▼▼▼

(* Let $f:[0,\infty)\to\mathbb{R}$ be differentiable, let $0<a<b<\infty$, and suppose $f'$ is Lebesgue integrable on $[a,b]$. Let $(\alpha,m)\in(0,1]^2$ and suppose $|f'|$ is $(\alpha,m)$-GA-convex on $[0,\max\{a^{1/m},b\}]$. Then \[ \biggl|\frac{b^2f(b)-a^2f(a)}{2}-\int_a^b xf(x)\,dx\biggr|\le\frac{\ln b-\ln a}{2}\Bigl\{m\bigl[L(a^3,b^3)-G(\alpha,3)\bigr]\bigl|f'(a^{1/m})\bigr|+G(\alpha,3)|f'(b)|\Bigr\}. \]
   Context: For $c>0$, $h:[0,c]\to\mathbb{R}$ and $(\alpha,m)\in(0,1]^2$, $h$ is called $(\alpha,m)$-GA-convex on $[0,c]$ if $h\bigl(x^\lambda y^{m(1-\lambda)}\bigr)\le\lambda^\alpha h(x)+m(1-\lambda^\alpha)h(y)$ for all $x,y\in[0,c]$ and all $\lambda\in[0,1]$ (with the convention $0^0=1$). For fixed $0<a<b$ and $\ell\ge0$, $\alpha>0$, set $G(\alpha,\ell)=\int_0^1 t^\alpha a^{\ell(1-t)}b^{\ell t}\,dt$. For $x,y>0$, $x\neq y$, the logarithmic mean is $L(x,y)=\frac{y-x}{\ln y-\ln x}$. *)

theory Defs
  imports "HOL-Analysis.Analysis"
begin

text \<open>Real power with the convention 0^0 = 1 (Isabelle's powr has 0 powr 0 = 0).\<close>
definition gpow :: "real \<Rightarrow> real \<Rightarrow> real" where
  "gpow x t = (if t = 0 then 1 else x powr t)"

definition ga_convex :: "real \<Rightarrow> real \<Rightarrow> real \<Rightarrow> (real \<Rightarrow> real) \<Rightarrow> bool" where
  "ga_convex \<alpha> m c h \<longleftrightarrow>
     (\<forall>x\<in>{0..c}. \<forall>y\<in>{0..c}. \<forall>s\<in>{0..1}.
        h (gpow x s * gpow y (m * (1 - s)))
          \<le> gpow s \<alpha> * h x + m * (1 - gpow s \<alpha>) * h y)"

definition Gfun :: "real \<Rightarrow> real \<Rightarrow> real \<Rightarrow> real \<Rightarrow> real" where
  "Gfun a b \<alpha> l = integral {0..1} (\<lambda>t. gpow t \<alpha> * a powr (l * (1 - t)) * b powr (l * t))"

definition logmean :: "real \<Rightarrow> real \<Rightarrow> real" where
  "logmean x y = (y - x) / (ln y - ln x)"

end

theory Submission
  imports Defs
begin

text \<open>Substituting x(t) = a^(1-t) b^t and integrating by parts turns the left-hand side into
  (ln b - ln a)/2 times the integral over [0,1] of x(t)^3 f'(x(t)). Since
  x(t) = b^t (a^(1/m))^(m(1-t)), GA-convexity bounds |f'(x(t))| by
  t^\<alpha> |f'(b)| + m (1 - t^\<alpha>) |f'(a^(1/m))|, and the resulting integrals are G(\<alpha>,3) and
  the integral of x(t)^3 = a^(3(1-t)) b^(3t), which is L(a^3,b^3).\<close>

lemma gpow_eq_powr: "x > 0 \<or> t \<noteq> 0 \<Longrightarrow> gpow x t = x powr t"
  by (auto simp: gpow_def)

definition geo_path :: "real \<Rightarrow> real \<Rightarrow> real \<Rightarrow> real" where
  "geo_path a b t = a powr (1 - t) * b powr t"

lemma geo_path_eq_exp: "0 < a \<Longrightarrow> 0 < b \<Longrightarrow> geo_path a b t = a * exp (t * (ln b - ln a))"
  by (simp add: geo_path_def powr_def exp_add[symmetric] exp_diff algebra_simps)

lemma geo_path_0: "0 < a \<Longrightarrow> 0 < b \<Longrightarrow> geo_path a b 0 = a"
  and geo_path_1: "0 < a \<Longrightarrow> 0 < b \<Longrightarrow> geo_path a b 1 = b"
  by (simp_all add: geo_path_eq_exp exp_diff)

lemma geo_path_pos: "0 < a \<Longrightarrow> 0 < b \<Longrightarrow> geo_path a b t > 0"
  by (simp add: geo_path_eq_exp)

lemma geo_path_power: "0 < a \<Longrightarrow> 0 < b \<Longrightarrow> geo_path a b t ^ n = geo_path (a ^ n) (b ^ n) t"
  by (simp add: geo_path_def powr_realpow[symmetric] powr_powr power_mult_distrib
      powr_mult mult.commute)

lemma geo_path_in_interval:
  assumes "0 < a" "a \<le> b" "t \<in> {0..1}"
  shows "geo_path a b t \<in> {a..b}"
proof -
  have "0 \<le> t * (ln b - ln a)" "t * (ln b - ln a) \<le> ln b - ln a"
    using assms by (auto simp: mult_left_le_one_le)
  then have "a \<le> a * exp (t * (ln b - ln a))" "a * exp (t * (ln b - ln a)) \<le> a * exp (ln b - ln a)"
    using assms(1) by auto
  moreover have "a * exp (ln b - ln a) = b"
    using assms by (simp add: exp_diff)
  ultimately show ?thesis
    using assms by (simp add: geo_path_eq_exp)
qed

lemma has_real_derivative_geo_path:
  assumes "0 < a" "0 < b"
  shows "(geo_path a b has_real_derivative geo_path a b t * (ln b - ln a)) (at t)"
proof -
  have "geo_path a b = (\<lambda>t. a * exp (t * (ln b - ln a)))"
    using assms by (simp add: geo_path_eq_exp fun_eq_iff)
  then show ?thesis
    using assms by (auto intro!: derivative_eq_intros simp: geo_path_eq_exp)
qed

lemma geo_path_has_integral_logmean:
  assumes "0 < a" "0 < b" "a \<noteq> b"
  shows "(geo_path a b has_integral logmean a b) {0..1}"
proof -
  have k: "ln b - ln a \<noteq> 0"
    using assms by simp
  have "(geo_path a b has_integral
      geo_path a b 1 / (ln b - ln a) - geo_path a b 0 / (ln b - ln a)) {0..1}"
  proof (rule fundamental_theorem_of_calculus)
    fix t
    have "((\<lambda>t. geo_path a b t / (ln b - ln a)) has_real_derivative geo_path a b t) (at t)"
      using has_real_derivative_geo_path[OF assms(1,2), of t] k
      by (auto intro!: derivative_eq_intros)
    then show "((\<lambda>t. geo_path a b t / (ln b - ln a)) has_vector_derivative geo_path a b t)
        (at t within {0..1})"
      by (simp add: has_real_derivative_iff_has_vector_derivative[symmetric]
          has_field_derivative_at_within)
  qed simp
  then show ?thesis
    using assms by (simp add: geo_path_0 geo_path_1 logmean_def diff_divide_distrib)
qed

lemma has_integral_by_parts_geo_path:
  assumes ab: "0 < a" "a \<le> b"
    and deriv: "\<And>x. x \<in> {a..b} \<Longrightarrow> (f has_real_derivative f' x) (at x within {a..b})"
  shows "((\<lambda>t. (ln b - ln a) / 2 * geo_path a b t ^ 3 * f' (geo_path a b t))
    has_integral (b\<^sup>2 * f b - a\<^sup>2 * f a) / 2 - integral {a..b} (\<lambda>x. x * f x)) {0..1}"
proof -
  let ?x = "geo_path a b" and ?k = "ln b - ln a"
  have b: "0 < b" using ab by linarith
  have x_mem: "?x t \<in> {a..b}" if "t \<in> {0..1}" for t
    using geo_path_in_interval[OF ab that] .
  have dx: "(?x has_real_derivative ?x t * ?k) (at t within {0..1})" for t
    using has_real_derivative_geo_path[OF ab(1) b] by (rule has_field_derivative_at_within)
  have cont_xf: "continuous_on {a..b} (\<lambda>x. x * f x)"
    using DERIV_continuous_on[OF deriv] by (intro continuous_intros)
  have product_rule: "((\<lambda>t. (?x t * ?k) * (?x t * f (?x t)) + ?k / 2 * ?x t ^ 3 * f' (?x t))
      has_integral b\<^sup>2 / 2 * f b - a\<^sup>2 / 2 * f a) {0..1}"
  proof -
    have "((\<lambda>t. ?x t ^ 2 / 2 * f (?x t)) has_real_derivative
        (?x t * ?k) * (?x t * f (?x t)) + ?k / 2 * ?x t ^ 3 * f' (?x t)) (at t within {0..1})"
      if t: "t \<in> {0..1}" for t
    proof -
      have "(f has_real_derivative f' (?x t)) (at (?x t) within ?x ` {0..1})"
        using deriv[OF x_mem[OF t]] by (rule has_field_derivative_subset) (use x_mem in auto)
      then have df: "((\<lambda>t. f (?x t)) has_real_derivative f' (?x t) * (?x t * ?k))
          (at t within {0..1})"
        using DERIV_image_chain[OF _ dx] by (simp add: o_def)
      show ?thesis
        by (rule derivative_eq_intros df dx refl | simp)+
          (simp add: power2_eq_square power3_eq_cube algebra_simps)
    qed
    then have "((\<lambda>t. (?x t * ?k) * (?x t * f (?x t)) + ?k / 2 * ?x t ^ 3 * f' (?x t))
        has_integral ?x 1 ^ 2 / 2 * f (?x 1) - ?x 0 ^ 2 / 2 * f (?x 0)) {0..1}"
      by (intro fundamental_theorem_of_calculus)
        (auto simp: has_real_derivative_iff_has_vector_derivative[symmetric])
    then show ?thesis
      using ab b by (simp add: geo_path_0 geo_path_1)
  qed
  have subst: "((\<lambda>t. (?x t * ?k) * (?x t * f (?x t))) has_integral integral {a..b} (\<lambda>x. x * f x))
      {0..1}"
  proof -
    have "?x ` {0..1} \<subseteq> {a..b}"
      using x_mem by blast
    then show ?thesis
      using has_integral_substitution[OF _ _ _ cont_xf, of 0 1 ?x "\<lambda>t. ?x t * ?k"] dx ab b
      by (simp add: geo_path_0 geo_path_1)
  qed
  show ?thesis
    using has_integral_diff[OF product_rule subst] by (simp add: diff_divide_distrib algebra_simps)
qed

lemma ga_convex_geo_path_le:
  assumes conv: "ga_convex \<alpha> m c h" and "0 < a" "0 < b" "0 < m"
    and "a powr (1/m) \<le> c" "b \<le> c" "t \<in> {0..1}"
  shows "h (geo_path a b t) \<le> gpow t \<alpha> * h b + m * (1 - gpow t \<alpha>) * h (a powr (1/m))"
proof -
  have "gpow b t * gpow (a powr (1/m)) (m * (1 - t)) = geo_path a b t"
    using assms by (simp add: gpow_eq_powr powr_powr geo_path_def mult.commute)
  moreover have "b \<in> {0..c}" "a powr (1/m) \<in> {0..c}"
    using assms by auto
  ultimately show ?thesis
    using conv \<open>t \<in> {0..1}\<close> unfolding ga_convex_def by metis
qed

lemma Gfun_has_integral:
  assumes "0 < a" "0 < b" "0 < \<alpha>"
  shows "((\<lambda>t. t powr \<alpha> * geo_path a b t ^ n) has_integral Gfun a b \<alpha> n) {0..1}"
proof -
  have integrand: "gpow t \<alpha> * a powr (n * (1 - t)) * b powr (n * t) = t powr \<alpha> * geo_path a b t ^ n"
    for t :: real
    using assms by (simp add: gpow_eq_powr geo_path_def powr_realpow[symmetric]
        powr_mult powr_powr mult.commute)
  have "continuous_on {0..1} (\<lambda>t. t powr \<alpha> * geo_path a b t ^ n)"
    using assms DERIV_continuous_on[OF has_field_derivative_at_within[OF
        has_real_derivative_geo_path[OF assms(1,2)]]]
    by (intro continuous_intros continuous_on_powr') auto
  then show ?thesis
    unfolding Gfun_def integrand using has_integral_integral integrable_continuous_interval by blast
qed

lemma has_integral_ga_majorant:
  assumes "0 < a" "a < b" "0 < \<alpha>"
  shows "((\<lambda>t. geo_path a b t ^ 3 * (t powr \<alpha> * B + m * (1 - t powr \<alpha>) * A))
    has_integral B * Gfun a b \<alpha> 3 + m * A * (logmean (a ^ 3) (b ^ 3) - Gfun a b \<alpha> 3)) {0..1}"
proof -
  have "0 < b" "a ^ 3 \<noteq> b ^ 3"
    using assms by (auto dest: power_strict_mono[of a b 3])
  then have "((\<lambda>t. B * (t powr \<alpha> * geo_path a b t ^ 3)
      + m * A * (geo_path a b t ^ 3 - t powr \<alpha> * geo_path a b t ^ 3))
      has_integral B * Gfun a b \<alpha> 3 + m * A * (logmean (a ^ 3) (b ^ 3) - Gfun a b \<alpha> 3)) {0..1}"
    using geo_path_has_integral_logmean[of "a ^ 3" "b ^ 3"] Gfun_has_integral[of a b \<alpha> 3] assms
    by (intro has_integral_mult_right has_integral_add has_integral_diff) (auto simp: geo_path_power)
  then show ?thesis
    by (rule has_integral_eq[rotated]) (simp add: algebra_simps)
qed

theorem corollary3p1:
  fixes f f' :: "real \<Rightarrow> real" and a b \<alpha> m :: real
  assumes deriv: "\<And>x. x \<ge> 0 \<Longrightarrow> (f has_real_derivative f' x) (at x within {0..})"
    and ab: "0 < a" "a < b"
    and int: "f' absolutely_integrable_on {a..b}"
    and alpha: "0 < \<alpha>" "\<alpha> \<le> 1"
    and m: "0 < m" "m \<le> 1"
    and conv: "ga_convex \<alpha> m (max (a powr (1/m)) b) (\<lambda>x. \<bar>f' x\<bar>)"
  shows "\<bar>(b\<^sup>2 * f b - a\<^sup>2 * f a) / 2 - integral {a..b} (\<lambda>x. x * f x)\<bar>
    \<le> (ln b - ln a) / 2 *
       (m * (logmean (a ^ 3) (b ^ 3) - Gfun a b \<alpha> 3) * \<bar>f' (a powr (1/m))\<bar>
        + Gfun a b \<alpha> 3 * \<bar>f' b\<bar>)"
proof -
  let ?x = "geo_path a b" and ?k = "ln b - ln a"
  define A B where "A = \<bar>f' (a powr (1/m))\<bar>" and "B = \<bar>f' b\<bar>"
  let ?g = "\<lambda>t. ?k / 2 * ?x t ^ 3 * f' (?x t)"
  let ?h = "\<lambda>t. ?k / 2 * (?x t ^ 3 * (t powr \<alpha> * B + m * (1 - t powr \<alpha>) * A))"
  have b: "0 < b" and k: "0 < ?k" using ab by auto
  have lhs: "(?g has_integral (b\<^sup>2 * f b - a\<^sup>2 * f a) / 2 - integral {a..b} (\<lambda>x. x * f x)) {0..1}"
    using ab by (intro has_integral_by_parts_geo_path has_field_derivative_subset[OF deriv]) auto
  have rhs: "(?h has_integral
      ?k / 2 * (B * Gfun a b \<alpha> 3 + m * A * (logmean (a ^ 3) (b ^ 3) - Gfun a b \<alpha> 3))) {0..1}"
    using has_integral_ga_majorant[OF ab alpha(1)] by (rule has_integral_mult_right)
  have "norm (?g t) \<le> ?h t" if "t \<in> {0..1}" for t
  proof -
    have "\<bar>f' (?x t)\<bar> \<le> t powr \<alpha> * B + m * (1 - t powr \<alpha>) * A"
      using ga_convex_geo_path_le[OF conv ab(1) b m(1) _ _ that] alpha
      by (simp add: A_def B_def gpow_eq_powr)
    then show ?thesis
      using k geo_path_pos[OF ab(1) b, of t] by (simp add: abs_mult mult_left_mono)
  qed
  then have "norm (integral {0..1} ?g) \<le> integral {0..1} ?h"
    using lhs rhs by (intro integral_norm_bound_integral) auto
  then show ?thesis
    unfolding integral_unique[OF lhs] integral_unique[OF rhs]
    by (simp add: A_def B_def algebra_simps)
qed

end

▲▲▲

§ TO DO
Whenever "blast" occurs in a line of the entries, copy that line.

§ EXPECTED OUTPUT
      using x_mem by blast
    unfolding Gfun_def integrand using has_integral_integral integrable_continuous_interval by blast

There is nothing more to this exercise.